The nodes that are not found are nodes that exist in a subdirectory in my Org-Roam-Directory, and the subdirectory is not tracked by the git repository for the org-roam-directory.
Taking the subdirectory filepath out of gitignore makes the org-roam nodes visible again (after running org-roam-db-sync).
What did you expect to happen?
My understanding was that org-roam searches recursively within org-roam-directory, and I was unfamiliar with .gitignore modifying this behaviour. Unsure if this is an org-roam thing or a doom thing.
Steps to reproduce
Put your org-roam-directory under git version control.
In org-roam-directory, create a subdirectory that you then will exclude from the git repository by adding the subdirectory filepath to the git repository .gitignore.
Put some Org-Roam nodes into this subdirectory.
Attempt to search for a node that exists in this subdirectory.
I appreciate it when people explain how they debug issues so I can do it myself next time, so here goes.

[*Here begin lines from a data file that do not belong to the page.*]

lemma measurement_row_sum_eq_1: "(\<Sum>j\<in>UNIV. r i j) = 1"
proof -
  have "(\<Sum>i\<in>UNIV. \<Sum>j\<in>UNIV. r i j) = real CARD('n)"
    using meas unfolding measurement_def by (subst sum.swap) simp
  then have "(\<Sum>i\<in>UNIV. (\<Sum>j\<in>UNIV. r i j) - 1) = 0"
    by (simp add: sum_subtractf)
  then show ?thesis
    using measurement_row_sum_ge_1 by (subst (asm) sum_nonneg_eq_0_iff) auto
qed

lemma likelihood_in_qplex: "likelihood r i \<in> Q"
  using scaled_likelihood_in_qplex[OF d_pos qplex_Q stretched_matrix_mult_nonneg] measurement_row_sum_eq_1 by simp

lemma stretched_matrix_mult_likelihood: "stretched_matrix d r *v likelihood r i = basis_state d i"
proof -
  obtain q where q: "q \<in> Q" "stretched_matrix d r *v q = basis_state d i"
    using basis_state_has_preimage by blast
  have "likelihood r i \<bullet> q = 2 / (real d * (real d + 1))"
    using likelihood_inner_preimage_of_basis_state[OF q] measurement_row_sum_eq_1 d_pos
    by (simp add: eq_divide_eq mult_ac)
  then have "likelihood r i = q"
    using qplex_eq_if_inner_eq_max[OF d_pos card qplex_Q likelihood_in_qplex q(1)] by blast
  then show ?thesis
    using q(2) by simp
qed
(* Let $q$ be a prime power, $m\ge1$, $1\le k\le n$, $g_1,\dots,g_n\in\mathbb{F}_{q^m}$ linearly independent over $\mathbb{F}_q$, $\mathbf g=(g_1,\dots,g_n)$, $C$ the Gabidulin code defined below, $\mathbf r\in\mathbb{F}_{q^m}^n$, and $t:=\min\{d_R(\mathbf c,\mathbf r):\mathbf c\in C\}$. Let $B=\{b^{(1)},b^{(2)}\}$ be a minimal basis of the interpolation module $\mathfrak M(\mathbf r)$ with respect to the $(0,k-1)$-weighted term-over-position order with $\mathrm{lpos}(b^{(i)})=i$ ($i=1,2$), write $b^{(i)}=[b^{(i)}_1\ \ b^{(i)}_2]$, and let $\ell_i$ be the $(0,k-1)$-weighted $q$-degree of $b^{(i)}$. Then $\ell_2\le t+k-1$, or equivalently $\mathrm{qdeg}(b^{(2)}_2)\le t$. Furthermore, $\ell_1=\mathrm{qdeg}(b^{(1)}_1)\ge n-t$.
   Context: Write $[i]:=q^i$. A $q$-linearized polynomial is $f(x)=\sum_{i=0}^{d}a_ix^{[i]}$, $a_i\in\mathbb{F}_{q^m}$; if $a_d\ne0$, $d=\mathrm{qdeg}(f)$ ($\mathrm{qdeg}(0)=-\infty$). $\mathcal{L}_q(x,q^m)$ is the ring of these under addition and composition $\circ$. $\Pi_{\mathbf g}(x)=\prod_{u\in\langle g_1,\dots,g_n\rangle}(x-u)$ ($\mathbb{F}_q$-span), of $q$-degree $n$. $\Lambda_{\mathbf g,\mathbf r}(x)=\sum_{i=1}^n(-1)^{n-i}r_i\det(\mathfrak D_i(\mathbf g,x))/\det(M_n(g_1,\dots,g_n))$ ($M_n(v_1,\dots,v_s)$ the $n\times s$ matrix with $(j,l)$ entry $v_l^{[j-1]}$; $\mathfrak D_i(\mathbf g,x)$ is $M_n(g_1,\dots,g_n,x)$ without column $i$), with $\Lambda_{\mathbf g,\mathbf r}(g_i)=r_i$. $C=\{(m(g_1),\dots,m(g_n)):m\in\mathcal{L}_q(x,q^m),\ \mathrm{qdeg}(m)<k\}$. $d_R(\mathbf a,\mathbf b)$ is the $\mathbb{F}_q$-rank of the $m\times n$ $\mathbb{F}_q$-matrix obtained by expanding the coordinates of $\mathbf a-\mathbf b$ in a fixed $\mathbb{F}_q$-basis of $\mathbb{F}_{q^m}$. $\mathfrak M(\mathbf r)$ is the set of all $\beta\circ[\Pi_{\mathbf g}\ \ 0]+\gamma\circ[-\Lambda_{\mathbf g,\mathbf r}\ \ x]$, $\beta,\gamma\in\mathcal{L}_q(x,q^m)$, with $h\circ[f_1\ f_2]=[h\circ f_1\ \ h\circ f_2]$. Monomials: $x^{[i]}e_j$, $j\in\{1,2\}$. $(0,k-1)$-weighted term-over-position order: $w_1=0,w_2=k-1$, $x^{[i_1]}e_{j_1}<x^{[i_2]}e_{j_2}$ iff $i_1+w_{j_1}<i_2+w_{j_2}$ or (equality and $j_1<j_2$). $\mathrm{lm},\mathrm{lt},\mathrm{lpos}$: greatest monomial, its term, its coordinate. Weighted $q$-degree of $[f_1\ f_2]$: $\max\{\mathrm{qdeg} f_1,\mathrm{qdeg} f_2+k-1\}$. Basis: generating set with $\sum a_i\circ f^{(i)}=0\Rightarrow a_i=0$. $f$ reduces modulo a set $F$ of nonzero elements in one step if $h=f-\sum_i(b_ix^{[a_i]})\circ f^{(i)}$, $f^{(i)}\in F$, $b_i\in\mathbb{F}_{q^m}$, $a_i\ge0$, with $\mathrm{lm}(f)=x^{[a_i]}\circ\mathrm{lm}(f^{(i)})$ and $\mathrm{lt}(f)=\sum_i(b_ix^{[a_i]})\circ\mathrm{lt}(f^{(i)})$; a basis $B$ is minimal if no $b\in B$ can be reduced modulo $B\setminus\{b\}$. *)

theory Defs
  imports "HOL-Computational_Algebra.Polynomial" "HOL-Library.Product_Plus"
          "Jordan_Normal_Form.Determinant"
begin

You can see where functions are bound with M-x where-is (including where-is itself!); most of these tools are bound to sane keybindings, which expedites the process once you’re comfortable. Feel free to follow along.

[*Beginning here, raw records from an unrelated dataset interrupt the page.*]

lemma harmonic_linear_rho:
  assumes "linear \<phi>"
  shows "harmonic (\<lambda>x. \<phi> (rho E d x))"
  unfolding harmonic_def
proof
  fix x assume x: "x \<in> N"
  obtain p where p: "\<forall>u\<in>nbrs x. p u > 0" "sum p (nbrs x) = 1"
    "rho E d x = (\<Sum>u\<in>nbrs x. p u *\<^sub>R rho E d u)"
    using rho_node_convex_combination[OF sub_node_is_node[OF x]] by blast
  have "\<phi> (rho E d x) = (\<Sum>u\<in>nbrs x. p u * \<phi> (rho E d u))"
    using p(3) by (simp add: linear_sum[OF assms] linear_scale[OF assms])
  then show "\<exists>p. (\<forall>u\<in>nbrs_T x. p u > 0) \<and> sum p (nbrs_T x) = 1 \<and>
      \<phi> (rho E d x) = (\<Sum>u\<in>nbrs_T x. p u * \<phi> (rho E d u))"
    using p nbrs_sub_node[OF x] by auto
qed

text \<open>A positive average of values \<open>\<le> M\<close> equals \<open>M\<close> only if all of them do.\<close>

lemma harmonic_max_at_nbr:
  assumes h: "harmonic g" and M: "\<forall>x\<in>VT. g x \<le> M" and x: "x \<in> N" "g x = M"
    and u: "u \<in> nbrs_T x"
  shows "g u = M"
proof -
  obtain p where p: "\<forall>u\<in>nbrs_T x. p u > 0" "sum p (nbrs_T x) = 1"
    "g x = (\<Sum>u\<in>nbrs_T x. p u * g u)"
    using h x unfolding harmonic_def by blast
  have "(\<Sum>u\<in>nbrs_T x. p u * (M - g u)) = M * sum p (nbrs_T x) - (\<Sum>u\<in>nbrs_T x. p u * g u)"
    by (simp add: algebra_simps sum_subtractf sum_distrib_left)
  also have "\<dots> = 0" using p x by simp
  finally have "(\<Sum>u\<in>nbrs_T x. p u * (M - g u)) = 0" .
  moreover have "\<forall>u\<in>nbrs_T x. p u * (M - g u) \<ge> 0"
    using p(1) M nbrs_T_subset[of x] by (auto intro!: mult_nonneg_nonneg)
  ultimately have "p u * (M - g u) = 0" using u by (simp add: sum_nonneg_eq_0_iff)
  then show ?thesis using p(1) u by auto
qed

lemma harmonic_max_along_path:
  assumes h: "harmonic g" and M: "\<forall>x\<in>VT. g x \<le> M"
  shows "is_path ET xs \<Longrightarrow> hd xs \<in> N \<Longrightarrow> g (hd xs) = M \<Longrightarrow> g (last xs) = M"
proof (induction xs)
  case Nil then show ?case by (simp add: is_path_def)
next
  case (Cons a xs)
  show ?case
  proof (cases "xs = []")
    case True then show ?thesis using Cons by simp
  next
    case False
    have e: "{a, hd xs} \<in> ET" "is_path ET xs"
      using Cons.prems False by (auto simp: is_path_Cons)
    have "g (hd xs) = M"
      using harmonic_max_at_nbr[OF h M, of a "hd xs"] Cons.prems e by (simp add: nbrs_T_def)
    moreover have "hd xs \<in> N \<or> hd xs = last xs"
      using path_from_sub_node[OF Cons.prems(1,2), of "hd xs"] False by auto
    ultimately show ?thesis using Cons.IH[OF e(2)] False by auto
  qed
qed

lemma harmonic_max_principle:
  assumes h: "harmonic g" and c: "\<forall>z\<in>L. g z \<le> c"
  shows "\<forall>x\<in>VT. g x \<le> c"
proof -
  define M where "M = Max (g ` VT)"
  have M: "\<forall>x\<in>VT. g x \<le> M" unfolding M_def by simp
  have "M \<in> g ` VT" unfolding M_def using VT_nonempty by (intro Max_in) auto
  then obtain x0 where x0: "x0 \<in> VT" "g x0 = M" by auto
  have "M \<le> c"
  proof (cases "x0 \<in> L")
    case True then show ?thesis using c x0 by auto
  next
    case False
    then have "x0 \<in> N" using x0 by (simp add: sub_nodes_eq)
    then obtain xs where xs: "is_path ET xs" "hd xs = x0" "last xs \<in> L"
      using path_sub_node_to_sub_leaf by blast
    then have "g (last xs) = M" using harmonic_max_along_path[OF h M xs(1)] x0 \<open>x0 \<in> N\<close> by simp
    then show ?thesis using c xs by auto
  qed
  then show ?thesis using M by fastforce
qed

lemma harmonic_pos_at_sub_nodes:
  assumes h: "harmonic g" and nonneg: "\<forall>z\<in>L. g z \<ge> 0" and u: "u \<in> L" "g u > 0"
    and v: "v \<in> N"
  shows "g v > 0"
proof (rule ccontr)
  assume "\<not> g v > 0"
  have h': "harmonic (\<lambda>x. - g x)" using harmonic_uminus[OF h] .
  have le: "\<forall>x\<in>VT. - g x \<le> 0" using harmonic_max_principle[OF h', of 0] nonneg by auto
  then have "- g v = 0" using v \<open>\<not> g v > 0\<close> by (force simp: sub_nodes_eq)
  obtain xs where xs: "is_path ET xs" "hd xs = v" "last xs = u"
    using path_T v u sub_leaves_subset by (force simp: sub_nodes_eq)
  have "- g (last xs) = 0"
    using harmonic_max_along_path[OF h' le xs(1)] xs(2) v \<open>- g v = 0\<close> by simp
  then show False using xs(3) u by simp
qed
(* Suppose Assumption D holds. Let $P\in\Delta(\Theta,\mathcal{B})$, $\eta>0$, let $\pi:\Theta\to\mathbb{R}$ be bounded and measurable, let $\mathcal{E}$ be a $\sigma$-algebra, and let $\bar\pi:=\mathbb{E}_P[\pi\mid\mathcal{E}]$. Then $$\inf_Q\{\mathbb{E}_Q[\bar\pi]:D(Q\|P)\le\eta\}\ \ge\ \inf_Q\{\mathbb{E}_Q[\pi]:D(Q\|P)\le\eta\},$$ where $Q$ ranges over $\Delta(\Theta,\mathcal{B})$.
   Context: $\Theta=[\underline\theta,\bar\theta]\subset\mathbb{R}$ ($0<\underline\theta<\bar\theta$) with Borel $\sigma$-algebra $\mathcal{B}$; "$\sigma$-algebra" means a sub-$\sigma$-algebra of $\mathcal{B}$; $\Delta(\Theta,\mathcal{A})$ is the set of probability measures on $(\Theta,\mathcal{A})$; $P_{\mathcal{E}}$ is the restriction of $P$ to $\mathcal{E}$. A divergence $D$ assigns to each pair $Q,P$ of probability measures on a common $\sigma$-algebra a number $D(Q\|P)\in[0,\infty]$. Assumption D: for every $\sigma$-algebra $\mathcal{A}$ and $P,Q\in\Delta(\Theta,\mathcal{A})$: (D1) $D(Q\|P)=0$ if $Q=P$; (D2) if $Q\ll P$ and $dQ/dP$ is bounded, $\epsilon\mapsto D(\epsilon Q+(1-\epsilon)P\|P)$ is continuous on $[0,1]$; (D3) $D(Q\|P)<\infty$ implies $Q\ll P$; (D4) $D(Q_{\mathcal{E}}\|P_{\mathcal{E}})\le D(Q\|P)$ for every sub-$\sigma$-algebra $\mathcal{E}\subset\mathcal{A}$; (D5) $D(Q_{\mathcal{E}}\|P_{\mathcal{E}})=D(Q\|P)$ whenever $dQ_{\mathcal{E}}/dP_{\mathcal{E}}=dQ/dP$ $P$-a.e. *)

theory Defs
  imports "HOL-Probability.Probability"
begin

definition Borel_Theta :: "real \<Rightarrow> real \<Rightarrow> real set set" where
  "Borel_Theta a b = sets (restrict_space borel {a..b})"

definition is_sigma_alg :: "real \<Rightarrow> real \<Rightarrow> real set set \<Rightarrow> bool" where
  "is_sigma_alg a b A \<longleftrightarrow> sigma_algebra {a..b} A \<and> A \<subseteq> Borel_Theta a b"
definition components :: "'a set \<Rightarrow> 'a set set \<Rightarrow> 'a set set" where
  "components W E = {{y \<in> W. reach_in W E x y} | x. x \<in> W}"

definition num_comp :: "'a set \<Rightarrow> 'a set set \<Rightarrow> 'a set \<Rightarrow> nat" where
  "num_comp V E S = card (components (V - S) E)"

definition connected_graph :: "'a set \<Rightarrow> 'a set set \<Rightarrow> bool" where
  "connected_graph V E \<longleftrightarrow> V \<noteq> {} \<and> (\<forall>x\<in>V. \<forall>y\<in>V. reach_in V E x y)"

definition cutset :: "'a set \<Rightarrow> 'a set set \<Rightarrow> 'a set \<Rightarrow> bool" where
  "cutset V E S \<longleftrightarrow> S \<subseteq> V \<and> num_comp V E S \<ge> 2"

definition tough :: "real \<Rightarrow> 'a set \<Rightarrow> 'a set set \<Rightarrow> bool" where
  "tough t V E \<longleftrightarrow> (\<forall>S. cutset V E S \<longrightarrow> real (num_comp V E S) \<le> real (card S) / t)"

text \<open>Toughness: the largest t such that G is t-tough (infinity if G has no cutset,
  e.g. complete graphs; 0 if no positive t works, i.e. disconnected graphs).\<close>
definition toughness :: "'a set \<Rightarrow> 'a set set \<Rightarrow> ereal" where
  "toughness V E = Sup ({0} \<union> {ereal t | t. t > 0 \<and> tough t V E})"

definition minimally_tough :: "real \<Rightarrow> 'a set \<Rightarrow> 'a set set \<Rightarrow> bool" where
  "minimally_tough t V E \<longleftrightarrow>
     toughness V E = ereal t \<and> (\<forall>e\<in>E. toughness V (E - {e}) < ereal t)"

definition is_clique :: "'a set set \<Rightarrow> 'a set \<Rightarrow> bool" where
  "is_clique E C \<longleftrightarrow> (\<forall>u\<in>C. \<forall>v\<in>C. u \<noteq> v \<longrightarrow> {u, v} \<in> E)"

definition is_independent :: "'a set set \<Rightarrow> 'a set \<Rightarrow> bool" where
  "is_independent E I \<longleftrightarrow> (\<forall>u\<in>I. \<forall>v\<in>I. {u, v} \<notin> E)"

definition split_partition :: "'a set \<Rightarrow> 'a set set \<Rightarrow> 'a set \<Rightarrow> 'a set \<Rightarrow> bool" where
  "split_partition V E C I \<longleftrightarrow> C \<union> I = V \<and> C \<inter> I = {} \<and> is_clique E C \<and> is_independent E I"

definition is_cycle :: "'a set \<Rightarrow> 'a set set \<Rightarrow> 'a list \<Rightarrow> bool" where
  "is_cycle V E xs \<longleftrightarrow> length xs \<ge> 3 \<and> distinct xs \<and> set xs \<subseteq> V \<and>
     (\<forall>i. Suc i < length xs \<longrightarrow> {xs ! i, xs ! Suc i} \<in> E) \<and> {last xs, hd xs} \<in> E"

I assumed you were using org-roam-node-find when you said “attempt to search for a node”. It’s always good to use exact symbol names in reproduction steps.
I checked org-roam-node-find (via helpful-callable) to see if it was ignoring things from the database at runtime. Nothing seemed relevant, so I assumed the node wasn’t making it into the database at all.
I checked org-roam-db-sync to see how it ignored input. It looks it uses org-roam-list-files to get files. Calling helpful-callable while the point (cursor) is on a function will default the input to the function at point, so let’s inspect that. It actually just wraps the internal org--roam-list-files. We need to go deeper!
Here, it looks like org-roam uses external shell commands if defined. Let’s inspect org-roam-list-files-commands with helpful-variable.
Hmm, it looks like the original value defaults to find, but the current value defaults to fd. Let’s see if the Doom module is to blame. doom/help-modules:lang org will take you to the Org module README.
The README is in your Emacs directory alongside the module code, so let’s find-file and visit contrib/roam2.el. Then I +default/search-buffer for fd, and voilà, it looks like +roam2 indeed makes this change, for speed. You could also just search the entire Doom source if you weren’t familiar with the module structure with +default/search-project.
The simple fix is to reorder the executables in your private config. If you really wanted to use fd, you could redefine org-roam--list-files-fd (how I found this is left as an exercise to the reader ) or even submit a PR to make the behavior across executables consistent upstream. I’ve added this to my backlog, but anyone is free to beat me to it. I won’t get to it for at least a week.